> The problem
Scan the listing below for lines with the word "moreover". Report how many there are, as a number alone.

> Data for review
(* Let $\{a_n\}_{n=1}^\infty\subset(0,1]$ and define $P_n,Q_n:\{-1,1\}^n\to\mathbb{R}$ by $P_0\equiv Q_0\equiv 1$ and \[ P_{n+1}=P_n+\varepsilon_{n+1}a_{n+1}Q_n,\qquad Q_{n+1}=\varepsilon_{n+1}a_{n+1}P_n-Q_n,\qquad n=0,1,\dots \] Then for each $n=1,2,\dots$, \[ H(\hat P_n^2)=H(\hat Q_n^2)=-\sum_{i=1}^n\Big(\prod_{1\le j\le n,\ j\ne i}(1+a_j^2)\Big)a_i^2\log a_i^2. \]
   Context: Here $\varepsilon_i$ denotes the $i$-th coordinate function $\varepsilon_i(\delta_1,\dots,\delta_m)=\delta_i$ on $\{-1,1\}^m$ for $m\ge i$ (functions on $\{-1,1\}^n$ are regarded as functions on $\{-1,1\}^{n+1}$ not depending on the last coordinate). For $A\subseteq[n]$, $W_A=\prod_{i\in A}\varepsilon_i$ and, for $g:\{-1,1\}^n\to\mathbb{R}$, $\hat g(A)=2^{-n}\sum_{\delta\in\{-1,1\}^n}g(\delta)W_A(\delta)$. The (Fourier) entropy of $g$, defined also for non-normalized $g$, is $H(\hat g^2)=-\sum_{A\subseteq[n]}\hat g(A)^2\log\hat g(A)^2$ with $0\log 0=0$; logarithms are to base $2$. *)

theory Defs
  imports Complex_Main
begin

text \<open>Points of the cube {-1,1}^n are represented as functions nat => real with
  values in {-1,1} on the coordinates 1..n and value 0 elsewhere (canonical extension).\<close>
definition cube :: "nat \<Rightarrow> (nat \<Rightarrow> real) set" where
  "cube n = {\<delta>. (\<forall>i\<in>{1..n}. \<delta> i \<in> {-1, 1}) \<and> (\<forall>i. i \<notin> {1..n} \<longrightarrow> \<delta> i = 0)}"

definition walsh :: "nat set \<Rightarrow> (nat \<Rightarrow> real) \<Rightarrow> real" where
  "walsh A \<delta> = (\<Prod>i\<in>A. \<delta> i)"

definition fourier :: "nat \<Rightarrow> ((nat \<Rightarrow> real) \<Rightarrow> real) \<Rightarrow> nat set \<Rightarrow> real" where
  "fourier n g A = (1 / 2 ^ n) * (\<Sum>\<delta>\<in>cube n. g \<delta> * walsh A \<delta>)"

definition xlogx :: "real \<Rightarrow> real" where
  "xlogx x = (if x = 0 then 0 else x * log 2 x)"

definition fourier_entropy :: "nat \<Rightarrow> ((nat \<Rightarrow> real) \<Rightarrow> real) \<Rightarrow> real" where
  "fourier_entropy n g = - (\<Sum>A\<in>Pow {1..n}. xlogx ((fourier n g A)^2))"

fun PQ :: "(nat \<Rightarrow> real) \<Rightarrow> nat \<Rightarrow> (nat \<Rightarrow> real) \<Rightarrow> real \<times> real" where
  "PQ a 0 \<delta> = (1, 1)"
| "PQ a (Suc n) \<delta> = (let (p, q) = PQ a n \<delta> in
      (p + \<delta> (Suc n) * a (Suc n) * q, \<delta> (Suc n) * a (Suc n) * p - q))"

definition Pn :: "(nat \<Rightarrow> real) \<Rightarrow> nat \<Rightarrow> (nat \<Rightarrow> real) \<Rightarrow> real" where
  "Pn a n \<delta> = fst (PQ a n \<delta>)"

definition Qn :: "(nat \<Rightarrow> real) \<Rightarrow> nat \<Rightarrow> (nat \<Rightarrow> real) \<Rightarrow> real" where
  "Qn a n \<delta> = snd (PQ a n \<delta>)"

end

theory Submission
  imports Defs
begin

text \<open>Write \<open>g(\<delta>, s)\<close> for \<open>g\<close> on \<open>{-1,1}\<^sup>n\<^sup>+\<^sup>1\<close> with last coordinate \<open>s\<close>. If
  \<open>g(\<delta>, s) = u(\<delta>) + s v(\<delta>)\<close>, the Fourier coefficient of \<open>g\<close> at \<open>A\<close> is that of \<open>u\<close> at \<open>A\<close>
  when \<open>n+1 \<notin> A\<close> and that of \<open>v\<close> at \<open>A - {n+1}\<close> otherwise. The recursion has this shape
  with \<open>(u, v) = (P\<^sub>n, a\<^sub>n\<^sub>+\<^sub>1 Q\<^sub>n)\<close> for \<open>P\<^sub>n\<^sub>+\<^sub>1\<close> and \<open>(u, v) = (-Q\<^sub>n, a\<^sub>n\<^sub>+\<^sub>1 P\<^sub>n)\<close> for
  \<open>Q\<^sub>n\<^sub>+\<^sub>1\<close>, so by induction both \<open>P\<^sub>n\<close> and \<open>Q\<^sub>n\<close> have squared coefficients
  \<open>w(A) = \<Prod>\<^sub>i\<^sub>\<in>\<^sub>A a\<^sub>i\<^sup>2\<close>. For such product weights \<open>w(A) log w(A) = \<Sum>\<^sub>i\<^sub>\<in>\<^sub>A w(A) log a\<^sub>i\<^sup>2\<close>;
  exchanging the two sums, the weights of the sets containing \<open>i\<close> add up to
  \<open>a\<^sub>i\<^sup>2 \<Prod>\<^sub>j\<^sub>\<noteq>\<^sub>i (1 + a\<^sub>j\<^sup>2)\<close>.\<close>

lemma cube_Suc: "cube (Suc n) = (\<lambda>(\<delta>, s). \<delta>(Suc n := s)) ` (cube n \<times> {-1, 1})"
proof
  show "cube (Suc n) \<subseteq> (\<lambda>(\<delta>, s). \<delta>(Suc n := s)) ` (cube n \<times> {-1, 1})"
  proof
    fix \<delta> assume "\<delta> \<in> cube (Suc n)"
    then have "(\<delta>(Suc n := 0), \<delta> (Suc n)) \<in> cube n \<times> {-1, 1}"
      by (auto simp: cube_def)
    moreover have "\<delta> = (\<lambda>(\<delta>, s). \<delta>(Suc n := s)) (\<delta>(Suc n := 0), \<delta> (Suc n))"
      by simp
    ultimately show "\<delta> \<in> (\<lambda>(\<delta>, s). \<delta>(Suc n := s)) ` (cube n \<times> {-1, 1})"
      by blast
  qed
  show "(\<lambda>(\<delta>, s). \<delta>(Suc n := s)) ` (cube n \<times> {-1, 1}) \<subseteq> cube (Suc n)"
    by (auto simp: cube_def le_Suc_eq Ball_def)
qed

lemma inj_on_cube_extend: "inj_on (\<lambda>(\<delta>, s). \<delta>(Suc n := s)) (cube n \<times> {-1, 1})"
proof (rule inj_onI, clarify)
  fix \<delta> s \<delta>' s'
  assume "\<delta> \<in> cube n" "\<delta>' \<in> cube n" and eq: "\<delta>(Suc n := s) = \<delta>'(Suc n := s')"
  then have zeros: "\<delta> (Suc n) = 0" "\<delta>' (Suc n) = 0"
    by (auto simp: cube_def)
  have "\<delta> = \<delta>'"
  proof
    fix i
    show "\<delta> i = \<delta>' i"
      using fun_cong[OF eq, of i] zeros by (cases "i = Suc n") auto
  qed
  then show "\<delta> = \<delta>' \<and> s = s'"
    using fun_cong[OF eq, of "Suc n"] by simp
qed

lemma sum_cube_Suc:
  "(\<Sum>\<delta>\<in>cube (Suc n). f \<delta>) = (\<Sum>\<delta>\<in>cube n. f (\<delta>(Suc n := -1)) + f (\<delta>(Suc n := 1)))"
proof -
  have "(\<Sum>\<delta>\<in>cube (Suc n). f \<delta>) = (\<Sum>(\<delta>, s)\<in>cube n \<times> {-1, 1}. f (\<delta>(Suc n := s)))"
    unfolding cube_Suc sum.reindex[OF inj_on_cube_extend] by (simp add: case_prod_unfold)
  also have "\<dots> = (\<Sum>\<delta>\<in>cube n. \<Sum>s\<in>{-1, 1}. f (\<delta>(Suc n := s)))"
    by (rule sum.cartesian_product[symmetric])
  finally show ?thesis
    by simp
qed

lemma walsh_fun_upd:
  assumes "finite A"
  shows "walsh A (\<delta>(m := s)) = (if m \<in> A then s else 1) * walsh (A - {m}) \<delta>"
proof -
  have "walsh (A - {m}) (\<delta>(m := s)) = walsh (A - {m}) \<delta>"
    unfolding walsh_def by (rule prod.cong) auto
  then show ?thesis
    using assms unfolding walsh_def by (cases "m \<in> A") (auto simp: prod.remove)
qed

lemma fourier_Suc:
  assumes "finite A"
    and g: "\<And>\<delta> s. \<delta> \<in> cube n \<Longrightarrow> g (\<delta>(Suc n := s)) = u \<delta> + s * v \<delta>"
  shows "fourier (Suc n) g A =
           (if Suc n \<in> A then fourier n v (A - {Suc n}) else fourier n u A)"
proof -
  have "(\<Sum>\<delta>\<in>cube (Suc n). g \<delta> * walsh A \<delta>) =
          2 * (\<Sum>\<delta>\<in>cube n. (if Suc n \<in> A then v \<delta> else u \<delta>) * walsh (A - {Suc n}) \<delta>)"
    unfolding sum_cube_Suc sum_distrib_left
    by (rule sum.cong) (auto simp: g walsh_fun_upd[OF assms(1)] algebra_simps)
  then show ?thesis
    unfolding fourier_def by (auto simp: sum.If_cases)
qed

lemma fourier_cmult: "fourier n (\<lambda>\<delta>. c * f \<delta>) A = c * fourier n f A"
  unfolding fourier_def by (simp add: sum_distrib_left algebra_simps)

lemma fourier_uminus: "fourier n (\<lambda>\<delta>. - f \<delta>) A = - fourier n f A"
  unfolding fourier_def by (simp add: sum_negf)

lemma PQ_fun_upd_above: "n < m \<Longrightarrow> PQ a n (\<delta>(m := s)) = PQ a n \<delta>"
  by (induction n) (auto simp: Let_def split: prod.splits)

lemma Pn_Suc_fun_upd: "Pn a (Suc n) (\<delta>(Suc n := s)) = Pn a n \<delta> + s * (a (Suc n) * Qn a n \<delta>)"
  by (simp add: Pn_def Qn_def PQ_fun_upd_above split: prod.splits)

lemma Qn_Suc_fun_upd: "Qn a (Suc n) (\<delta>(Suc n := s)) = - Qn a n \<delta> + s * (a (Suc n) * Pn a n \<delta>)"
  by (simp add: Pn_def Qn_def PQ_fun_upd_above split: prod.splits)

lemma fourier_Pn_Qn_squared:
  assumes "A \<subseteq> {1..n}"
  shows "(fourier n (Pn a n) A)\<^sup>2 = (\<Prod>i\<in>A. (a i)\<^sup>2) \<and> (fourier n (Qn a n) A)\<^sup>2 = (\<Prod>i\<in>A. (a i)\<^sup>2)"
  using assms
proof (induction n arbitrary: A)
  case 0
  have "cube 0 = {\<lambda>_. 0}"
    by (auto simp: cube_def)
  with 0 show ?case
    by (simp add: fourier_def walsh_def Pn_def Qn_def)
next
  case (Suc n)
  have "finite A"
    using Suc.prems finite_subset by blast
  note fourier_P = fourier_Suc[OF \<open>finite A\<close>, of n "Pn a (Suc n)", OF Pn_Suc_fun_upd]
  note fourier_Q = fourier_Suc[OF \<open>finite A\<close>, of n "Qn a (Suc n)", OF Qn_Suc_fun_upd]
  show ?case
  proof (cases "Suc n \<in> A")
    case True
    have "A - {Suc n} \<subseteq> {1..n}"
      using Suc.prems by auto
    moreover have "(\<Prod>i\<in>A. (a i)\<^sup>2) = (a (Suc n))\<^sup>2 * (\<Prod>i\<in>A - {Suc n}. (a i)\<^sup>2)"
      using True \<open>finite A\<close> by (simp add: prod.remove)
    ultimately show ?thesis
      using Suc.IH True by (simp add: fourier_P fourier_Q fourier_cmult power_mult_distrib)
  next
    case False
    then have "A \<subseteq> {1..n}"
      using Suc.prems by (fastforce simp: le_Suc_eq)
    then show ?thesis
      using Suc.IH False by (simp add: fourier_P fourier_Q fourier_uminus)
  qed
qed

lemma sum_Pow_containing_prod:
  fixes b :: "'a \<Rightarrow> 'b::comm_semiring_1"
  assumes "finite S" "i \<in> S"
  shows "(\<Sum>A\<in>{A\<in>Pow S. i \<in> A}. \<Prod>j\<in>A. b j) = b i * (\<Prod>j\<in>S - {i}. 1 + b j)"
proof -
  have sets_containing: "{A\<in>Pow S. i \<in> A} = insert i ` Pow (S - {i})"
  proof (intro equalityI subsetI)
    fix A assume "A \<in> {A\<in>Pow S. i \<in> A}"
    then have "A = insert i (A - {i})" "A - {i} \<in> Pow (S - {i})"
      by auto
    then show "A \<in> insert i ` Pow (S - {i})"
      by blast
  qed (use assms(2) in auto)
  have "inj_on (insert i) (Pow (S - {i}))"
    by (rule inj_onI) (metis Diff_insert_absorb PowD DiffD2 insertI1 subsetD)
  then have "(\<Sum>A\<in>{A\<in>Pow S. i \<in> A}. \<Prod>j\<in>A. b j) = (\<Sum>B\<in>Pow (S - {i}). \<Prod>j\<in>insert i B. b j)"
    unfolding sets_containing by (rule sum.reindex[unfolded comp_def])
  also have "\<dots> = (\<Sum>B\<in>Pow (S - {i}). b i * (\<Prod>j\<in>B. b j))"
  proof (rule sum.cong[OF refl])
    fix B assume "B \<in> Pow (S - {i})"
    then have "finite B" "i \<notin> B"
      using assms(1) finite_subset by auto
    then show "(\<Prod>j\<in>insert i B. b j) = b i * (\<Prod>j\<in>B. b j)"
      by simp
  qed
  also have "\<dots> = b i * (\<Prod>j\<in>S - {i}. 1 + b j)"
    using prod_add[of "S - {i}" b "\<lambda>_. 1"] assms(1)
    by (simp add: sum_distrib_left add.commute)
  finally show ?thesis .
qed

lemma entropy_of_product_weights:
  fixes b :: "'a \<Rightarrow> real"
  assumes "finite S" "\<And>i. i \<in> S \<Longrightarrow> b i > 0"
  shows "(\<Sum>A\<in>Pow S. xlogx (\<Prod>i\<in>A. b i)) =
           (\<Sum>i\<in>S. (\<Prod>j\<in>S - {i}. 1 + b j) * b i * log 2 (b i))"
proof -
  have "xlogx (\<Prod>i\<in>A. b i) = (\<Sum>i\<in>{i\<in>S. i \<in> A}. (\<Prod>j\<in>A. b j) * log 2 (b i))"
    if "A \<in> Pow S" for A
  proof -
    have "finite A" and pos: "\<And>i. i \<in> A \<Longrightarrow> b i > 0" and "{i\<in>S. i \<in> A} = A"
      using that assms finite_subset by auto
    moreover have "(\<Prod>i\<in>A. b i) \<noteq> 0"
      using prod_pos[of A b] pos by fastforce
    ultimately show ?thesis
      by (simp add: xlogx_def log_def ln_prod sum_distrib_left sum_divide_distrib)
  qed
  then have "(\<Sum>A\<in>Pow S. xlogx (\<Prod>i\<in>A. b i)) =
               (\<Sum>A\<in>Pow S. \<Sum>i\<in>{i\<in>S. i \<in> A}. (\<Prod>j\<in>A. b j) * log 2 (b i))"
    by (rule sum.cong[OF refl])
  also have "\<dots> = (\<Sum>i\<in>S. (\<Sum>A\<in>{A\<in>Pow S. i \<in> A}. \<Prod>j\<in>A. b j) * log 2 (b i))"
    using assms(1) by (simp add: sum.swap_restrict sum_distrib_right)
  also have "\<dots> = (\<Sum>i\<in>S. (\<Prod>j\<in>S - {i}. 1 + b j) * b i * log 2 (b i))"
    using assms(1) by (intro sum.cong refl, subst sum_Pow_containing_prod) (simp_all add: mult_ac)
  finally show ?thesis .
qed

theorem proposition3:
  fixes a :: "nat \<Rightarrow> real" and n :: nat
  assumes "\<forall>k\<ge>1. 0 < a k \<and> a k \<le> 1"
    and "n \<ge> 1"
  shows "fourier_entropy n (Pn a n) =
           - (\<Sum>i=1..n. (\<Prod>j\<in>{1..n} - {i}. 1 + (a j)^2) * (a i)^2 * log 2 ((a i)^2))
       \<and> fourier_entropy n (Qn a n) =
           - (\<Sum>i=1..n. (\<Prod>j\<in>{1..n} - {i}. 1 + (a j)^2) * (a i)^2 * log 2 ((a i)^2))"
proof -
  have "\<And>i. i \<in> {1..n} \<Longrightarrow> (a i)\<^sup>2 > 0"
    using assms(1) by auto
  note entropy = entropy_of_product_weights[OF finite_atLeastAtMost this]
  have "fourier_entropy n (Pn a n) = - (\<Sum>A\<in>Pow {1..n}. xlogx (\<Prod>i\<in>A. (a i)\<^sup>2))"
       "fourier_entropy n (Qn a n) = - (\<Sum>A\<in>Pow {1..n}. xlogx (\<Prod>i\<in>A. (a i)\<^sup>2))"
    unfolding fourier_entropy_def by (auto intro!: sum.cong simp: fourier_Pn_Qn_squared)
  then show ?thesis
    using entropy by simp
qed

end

> Task answer
3